§ **Records shown**
(* Let $N>2$ be an odd positive integer with smallest prime factor $p$, and let $K\ge N$ be an integer. Let $a_2,a_1\in\mathbb{Z}_N$ with $\gcd(a_2,N)=1$, and let $f:\mathbb{Z}_N\to\mathbb{Z}_K$ be defined by $f(x)=\phi(a_2x^2+a_1x)$, where $\phi:\mathbb{Z}_N\to\mathbb{Z}_K$ sends the class of $y\in\{0,\dots,N-1\}$ to the class of $y$ modulo $K$. For $0\le k<N$ let $\mathbf{a}_k=(a_k(0),\dots,a_k(K-1))$ with $a_k(t)=\omega_K^{tf(k)}$. Let $\mathbf{h}_0,\dots,\mathbf{h}_{N-1}$ be unimodular complex sequences of length $N$ such that for all $0\le i\ne j<N$ and all $0\le v<N$, $$\Big|\sum_{n=0}^{N-1}h_i(n)h_j^*(n)\Big|\le 1,\qquad \Big|\sum_{n=0}^{N-1}h_i(n)h_j^*(n)\omega_N^{nv}\Big|<N.$$ For $0\le i<N$ define $\mathbf{s}_i$ of length $NK$ by $s_i(tN+k)=h_i(k)a_k(t)$ ($0\le t<K$, $0\le k<N$) and let $\mathcal{S}=\{\mathbf{s}_0,\dots,\mathbf{s}_{N-1}\}$. Then $\mathcal{S}$ is an aperiodic $(N,NK,\Pi,K+p-1)$-LAZ sequence set, where (1) $\Pi=(-p,p)\times(-N,N)$ if $K=N$; (2) $\Pi=(-p,p)\times(-K+N-1,K-N+1)$ if $N<K<2N-1$; (3) $\Pi=(-p,p)\times(-K,K)$ if $K\ge 2N-1$.
   Context: $\omega_L=e^{2\pi\sqrt{-1}/L}$, $z^*$ is complex conjugation, unimodular means all entries have modulus 1. For sequences $\mathbf{a},\mathbf{b}$ of length $L$, the aperiodic cross-ambiguity function is $\hat{AF}_{\mathbf{a},\mathbf{b}}(\tau,v)=\sum_{t=0}^{L-1-\tau}a(t)b^*(t+\tau)\omega_L^{vt}$ for $0\le\tau\le L-1$, $\hat{AF}_{\mathbf{a},\mathbf{b}}(\tau,v)=\sum_{t=-\tau}^{L-1}a(t)b^*(t+\tau)\omega_L^{vt}$ for $-L<\tau<0$, and $0$ for $|\tau|\ge L$; $\hat{AF}_{\mathbf{a}}=\hat{AF}_{\mathbf{a},\mathbf{a}}$. A set of $M$ sequences of length $L$ is an $(M,L,\Pi,\hat\theta)$-LAZ aperiodic sequence set if $|\hat{AF}_{\mathbf{a}}(\tau,v)|\le\hat\theta$ for all sequences $\mathbf{a}$ in the set and all integer $(0,0)\ne(\tau,v)\in\Pi$, and $|\hat{AF}_{\mathbf{a},\mathbf{b}}(\tau,v)|\le\hat\theta$ for all distinct $\mathbf{a},\mathbf{b}$ in the set and all integer $(\tau,v)\in\Pi$. *)

theory Defs
  imports Complex_Main "HOL-Computational_Algebra.Primes"
begin

definition omega_pow :: "nat \<Rightarrow> int \<Rightarrow> complex" where
  "omega_pow L m = cis (2 * pi * real_of_int m / real L)"

text \<open>Aperiodic cross-ambiguity function of sequences a, b of length L
  (only the entries with index < L matter).\<close>
definition aperiodic_AF :: "(nat \<Rightarrow> complex) \<Rightarrow> (nat \<Rightarrow> complex) \<Rightarrow> nat \<Rightarrow> int \<Rightarrow> int \<Rightarrow> complex" where
  "aperiodic_AF a b L \<tau> v =
     (if 0 \<le> \<tau> \<and> \<tau> \<le> int L - 1 then
        (\<Sum>t\<in>{0..int L - 1 - \<tau>}. a (nat t) * cnj (b (nat (t + \<tau>))) * omega_pow L (v * t))
      else if - int L < \<tau> \<and> \<tau> < 0 then
        (\<Sum>t\<in>{-\<tau>..int L - 1}. a (nat t) * cnj (b (nat (t + \<tau>))) * omega_pow L (v * t))
      else 0)"

definition is_LAZ_aperiodic :: "nat \<Rightarrow> nat \<Rightarrow> (int \<times> int) set \<Rightarrow> real \<Rightarrow> (nat \<Rightarrow> nat \<Rightarrow> complex) \<Rightarrow> bool" where
  "is_LAZ_aperiodic M L Pi \<theta> s \<longleftrightarrow>
     (\<forall>i<M. \<forall>\<tau> v. (\<tau>, v) \<in> Pi \<and> (\<tau>, v) \<noteq> (0, 0) \<longrightarrow> cmod (aperiodic_AF (s i) (s i) L \<tau> v) \<le> \<theta>) \<and>
     (\<forall>i<M. \<forall>j<M. i \<noteq> j \<longrightarrow> (\<forall>\<tau> v. (\<tau>, v) \<in> Pi \<longrightarrow> cmod (aperiodic_AF (s i) (s j) L \<tau> v) \<le> \<theta>))"

end

theory Submission
  imports Defs
begin

text \<open>
  Index the entries of the sequences of length \<open>N K\<close> as \<open>t N + k\<close> with \<open>t < K\<close>, \<open>k < N\<close>.
  For a delay \<open>0 \<le> \<tau> < N\<close> the partner index \<open>t N + k + \<tau>\<close> equals \<open>(t + c) N + r\<close> with
  \<open>r = (k + \<tau>) mod N\<close> and carry \<open>c = (k + \<tau>) div N \<in> {0, 1}\<close>. Hence the ambiguity function
  splits into \<open>N\<close> columns, column \<open>k\<close> being a unimodular factor times the geometric sum of
  \<open>K - c\<close> powers of \<open>\<omega>\<^sub>K\<^bsup>f k - f r + v\<^esup>\<close>. That sum has modulus at most \<open>K\<close> if \<open>K\<close> divides the
  exponent and at most \<open>c\<close> otherwise, and the carries add up to \<open>\<tau>\<close>.

  For the quadratic phase, \<open>f k - f r \<equiv> -(2 a\<^sub>2 \<tau> k + a\<^sub>2 \<tau>\<^sup>2 + a\<^sub>1 \<tau>) (mod N)\<close>, and the shape of the
  Doppler window turns divisibility by \<open>K\<close> of two such exponents into a congruence mod \<open>N\<close>.
  Since \<open>2 a\<^sub>2 \<tau>\<close> is a unit mod \<open>N\<close> when \<open>0 < \<tau> < p\<close>, at most one column reaches \<open>K\<close>, so the
  modulus is at most \<open>K + \<tau> \<le> K + p - 1\<close>. Negative delays follow by conjugate symmetry; at
  zero delay a full period kills \<open>v \<noteq> 0\<close>, and \<open>v = 0\<close> leaves \<open>K\<close> times the correlation of the \<open>h\<close>.
\<close>

section \<open>Powers of the root of unity\<close>

lemma omega_pow_add: "omega_pow L (a + b) = omega_pow L a * omega_pow L b"
  by (simp add: omega_pow_def cis_mult add_divide_distrib distrib_left)

lemma cnj_omega_pow: "cnj (omega_pow L m) = omega_pow L (- m)"
  by (simp add: omega_pow_def cis_cnj)

lemma norm_omega_pow [simp]: "cmod (omega_pow L m) = 1"
  by (simp add: omega_pow_def)

lemma omega_pow_0 [simp]: "omega_pow L 0 = 1"
  by (simp add: omega_pow_def)

lemma omega_pow_mult_nat: "omega_pow L (int t * e) = omega_pow L e ^ t"
  by (simp add: omega_pow_def DeMoivre algebra_simps)

lemma omega_pow_mult_length: "N > 0 \<Longrightarrow> omega_pow (N * K) (x * int N) = omega_pow K x"
  by (simp add: omega_pow_def field_simps)

lemma omega_pow_eq_1_iff:
  assumes "L > 0"
  shows "omega_pow L m = 1 \<longleftrightarrow> int L dvd m"
proof
  assume "omega_pow L m = 1"
  then have "cos (2 * pi * real_of_int m / real L) = 1"
    unfolding omega_pow_def by (metis cis.sel(1) one_complex.sel(1))
  then obtain n where "2 * pi * real_of_int m / real L = real_of_int n * 2 * pi"
    using cos_one_2pi_int by blast
  then have "real_of_int m = real_of_int (n * int L)"
    using assms by (simp add: field_simps)
  then have "m = n * int L"
    by (simp only: of_int_eq_iff)
  then show "int L dvd m"
    by simp
next
  assume "int L dvd m"
  then obtain n where "m = int L * n" ..
  then have "2 * pi * real_of_int m / real L = 2 * pi * real_of_int n"
    using assms by simp
  then show "omega_pow L m = 1"
    unfolding omega_pow_def by simp
qed

lemma sum_omega_pow_period:
  assumes "L > 0" "\<not> int L dvd e"
  shows "(\<Sum>t<L. omega_pow L (int t * e)) = 0"
proof -
  have "omega_pow L e \<noteq> 1" "omega_pow L e ^ L = 1"
    using assms omega_pow_eq_1_iff[of L e] omega_pow_eq_1_iff[of L "int L * e"]
    by (simp_all flip: omega_pow_mult_nat)
  then show ?thesis
    by (simp add: omega_pow_mult_nat sum_gp_strict)
qed

lemma norm_sum_omega_pow_le: "cmod (\<Sum>t<n. omega_pow L (int t * e)) \<le> n"
  using norm_sum[of "\<lambda>t. omega_pow L (int t * e)" "{..<n}"] by simp

lemma norm_sum_omega_pow_le_diff:
  assumes "n \<le> L" "\<not> int L dvd e"
  shows "cmod (\<Sum>t<n. omega_pow L (int t * e)) \<le> L - n"
proof (cases "L = 0")
  case False
  have "(\<Sum>t<L. omega_pow L (int t * e))
      = (\<Sum>t<n. omega_pow L (int t * e)) + (\<Sum>t\<in>{n..<L}. omega_pow L (int t * e))"
    using assms(1) by (simp add: lessThan_atLeast0 sum.atLeastLessThan_concat)
  then have "(\<Sum>t<n. omega_pow L (int t * e)) = - (\<Sum>t\<in>{n..<L}. omega_pow L (int t * e))"
    using False assms sum_omega_pow_period[of L e] by (simp add: eq_neg_iff_add_eq_0)
  then have "cmod (\<Sum>t<n. omega_pow L (int t * e)) \<le> (\<Sum>t\<in>{n..<L}. cmod (omega_pow L (int t * e)))"
    by (simp only: norm_minus_cancel norm_sum)
  then show ?thesis by simp
qed (use assms in simp)

lemma norm_sum_omega_pow_truncated_le:
  assumes "c \<le> L"
  shows "cmod (\<Sum>t<L - c. omega_pow L (int t * e)) \<le> (if int L dvd e then real L else 0) + c"
proof (cases "int L dvd e")
  case True
  then show ?thesis
    using norm_sum_omega_pow_le[of L e "L - c"] by simp
next
  case False
  then show ?thesis
    using norm_sum_omega_pow_le_diff[of "L - c" L e] assms by simp
qed

section \<open>The aperiodic ambiguity function\<close>

lemma aperiodic_AF_nonneg_shift:
  assumes "\<tau> < L"
  shows "aperiodic_AF a b L (int \<tau>) v = (\<Sum>m<L - \<tau>. a m * cnj (b (m + \<tau>)) * omega_pow L (v * int m))"
proof -
  have "aperiodic_AF a b L (int \<tau>) v
      = (\<Sum>t\<in>{0..int (L - \<tau>) - 1}. a (nat t) * cnj (b (nat (t + int \<tau>))) * omega_pow L (v * t))"
    using assms by (simp add: aperiodic_AF_def of_nat_diff algebra_simps)
  also have "\<dots> = (\<Sum>m<L - \<tau>. a m * cnj (b (m + \<tau>)) * omega_pow L (v * int m))"
    by (rule sum.reindex_bij_witness[of _ int nat]) (auto simp: nat_add_distrib)
  finally show ?thesis .
qed

lemma aperiodic_AF_neg_shift:
  assumes "0 < \<sigma>" "\<sigma> < L"
  shows "aperiodic_AF a b L (- int \<sigma>) v = omega_pow L (v * int \<sigma>) * cnj (aperiodic_AF b a L (int \<sigma>) (- v))"
proof -
  have "omega_pow L (v * int \<sigma>) * cnj (aperiodic_AF b a L (int \<sigma>) (- v))
      = (\<Sum>u\<in>{0..int L - 1 - int \<sigma>}. omega_pow L (v * int \<sigma>) * (cnj (b (nat u)) * a (nat (u + int \<sigma>)) * omega_pow L (v * u)))"
    using assms by (simp add: aperiodic_AF_def cnj_sum sum_distrib_left cnj_omega_pow)
  also have "\<dots> = (\<Sum>t\<in>{int \<sigma>..int L - 1}. a (nat t) * cnj (b (nat (t - int \<sigma>))) * omega_pow L (v * t))"
    by (rule sum.reindex_bij_witness[of _ "\<lambda>t. t - int \<sigma>" "\<lambda>u. u + int \<sigma>"])
      (auto simp: distrib_left omega_pow_add mult_ac)
  finally show ?thesis
    using assms by (simp add: aperiodic_AF_def)
qed

section \<open>Interleaved sequences\<close>

lemma sum_lessThan_mult_blocks: "(\<Sum>m<K * N. g m) = (\<Sum>t<K. \<Sum>k<N. g (t * N + k))" for K N :: nat
proof -
  have "(\<Sum>k<N. g (t * N + k)) = (\<Sum>m\<in>{t * N..<t * N + N}. g m)" for t
    by (rule sum.reindex_bij_witness[of _ "\<lambda>m. m - t * N" "\<lambda>k. t * N + k"]) auto
  then show ?thesis
    by (simp add: sum.nat_group)
qed

lemma sum_lessThan_diff_columns:
  fixes N K \<tau> :: nat
  assumes "\<tau> < N" "K > 0"
  shows "(\<Sum>m<N * K - \<tau>. g m) = (\<Sum>k<N. \<Sum>t<K - (k + \<tau>) div N. g (t * N + k))"
proof -
  have in_range: "t * N + k < N * K - \<tau> \<longleftrightarrow> t < K - (k + \<tau>) div N" for t k
  proof -
    have "0 < N" "N \<le> N * K"
      using assms by simp_all
    then have "t * N + k < N * K - \<tau> \<longleftrightarrow> t * N + (k + \<tau>) < K * N"
      using assms(1) by (auto simp: mult.commute)
    also have "\<dots> \<longleftrightarrow> (t * N + (k + \<tau>)) div N < K"
      by (rule div_less_iff_less_mult[OF \<open>0 < N\<close>, symmetric])
    also have "(t * N + (k + \<tau>)) div N = t + (k + \<tau>) div N"
      using assms(1) by simp
    finally show ?thesis
      by linarith
  qed
  have "(\<Sum>m<N * K - \<tau>. g m) = (\<Sum>m<K * N. if m < N * K - \<tau> then g m else 0)"
    by (intro sum.mono_neutral_cong_left) (auto simp: mult.commute)
  also have "\<dots> = (\<Sum>k<N. \<Sum>t<K. if t < K - (k + \<tau>) div N then g (t * N + k) else 0)"
    by (simp add: sum_lessThan_mult_blocks in_range sum.swap[of _ "{..<K}"])
  also have "\<dots> = (\<Sum>k<N. \<Sum>t<K - (k + \<tau>) div N. g (t * N + k))"
    by (intro sum.cong sum.mono_neutral_cong_right) auto
  finally show ?thesis .
qed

§ **What is being asked**
Transcribe the material exactly, stopping after the "theory Defs" line.

§ **Result below**
(* Let $N>2$ be an odd positive integer with smallest prime factor $p$, and let $K\ge N$ be an integer. Let $a_2,a_1\in\mathbb{Z}_N$ with $\gcd(a_2,N)=1$, and let $f:\mathbb{Z}_N\to\mathbb{Z}_K$ be defined by $f(x)=\phi(a_2x^2+a_1x)$, where $\phi:\mathbb{Z}_N\to\mathbb{Z}_K$ sends the class of $y\in\{0,\dots,N-1\}$ to the class of $y$ modulo $K$. For $0\le k<N$ let $\mathbf{a}_k=(a_k(0),\dots,a_k(K-1))$ with $a_k(t)=\omega_K^{tf(k)}$. Let $\mathbf{h}_0,\dots,\mathbf{h}_{N-1}$ be unimodular complex sequences of length $N$ such that for all $0\le i\ne j<N$ and all $0\le v<N$, $$\Big|\sum_{n=0}^{N-1}h_i(n)h_j^*(n)\Big|\le 1,\qquad \Big|\sum_{n=0}^{N-1}h_i(n)h_j^*(n)\omega_N^{nv}\Big|<N.$$ For $0\le i<N$ define $\mathbf{s}_i$ of length $NK$ by $s_i(tN+k)=h_i(k)a_k(t)$ ($0\le t<K$, $0\le k<N$) and let $\mathcal{S}=\{\mathbf{s}_0,\dots,\mathbf{s}_{N-1}\}$. Then $\mathcal{S}$ is an aperiodic $(N,NK,\Pi,K+p-1)$-LAZ sequence set, where (1) $\Pi=(-p,p)\times(-N,N)$ if $K=N$; (2) $\Pi=(-p,p)\times(-K+N-1,K-N+1)$ if $N<K<2N-1$; (3) $\Pi=(-p,p)\times(-K,K)$ if $K\ge 2N-1$.
   Context: $\omega_L=e^{2\pi\sqrt{-1}/L}$, $z^*$ is complex conjugation, unimodular means all entries have modulus 1. For sequences $\mathbf{a},\mathbf{b}$ of length $L$, the aperiodic cross-ambiguity function is $\hat{AF}_{\mathbf{a},\mathbf{b}}(\tau,v)=\sum_{t=0}^{L-1-\tau}a(t)b^*(t+\tau)\omega_L^{vt}$ for $0\le\tau\le L-1$, $\hat{AF}_{\mathbf{a},\mathbf{b}}(\tau,v)=\sum_{t=-\tau}^{L-1}a(t)b^*(t+\tau)\omega_L^{vt}$ for $-L<\tau<0$, and $0$ for $|\tau|\ge L$; $\hat{AF}_{\mathbf{a}}=\hat{AF}_{\mathbf{a},\mathbf{a}}$. A set of $M$ sequences of length $L$ is an $(M,L,\Pi,\hat\theta)$-LAZ aperiodic sequence set if $|\hat{AF}_{\mathbf{a}}(\tau,v)|\le\hat\theta$ for all sequences $\mathbf{a}$ in the set and all integer $(0,0)\ne(\tau,v)\in\Pi$, and $|\hat{AF}_{\mathbf{a},\mathbf{b}}(\tau,v)|\le\hat\theta$ for all distinct $\mathbf{a},\mathbf{b}$ in the set and all integer $(\tau,v)\in\Pi$. *)

theory Defs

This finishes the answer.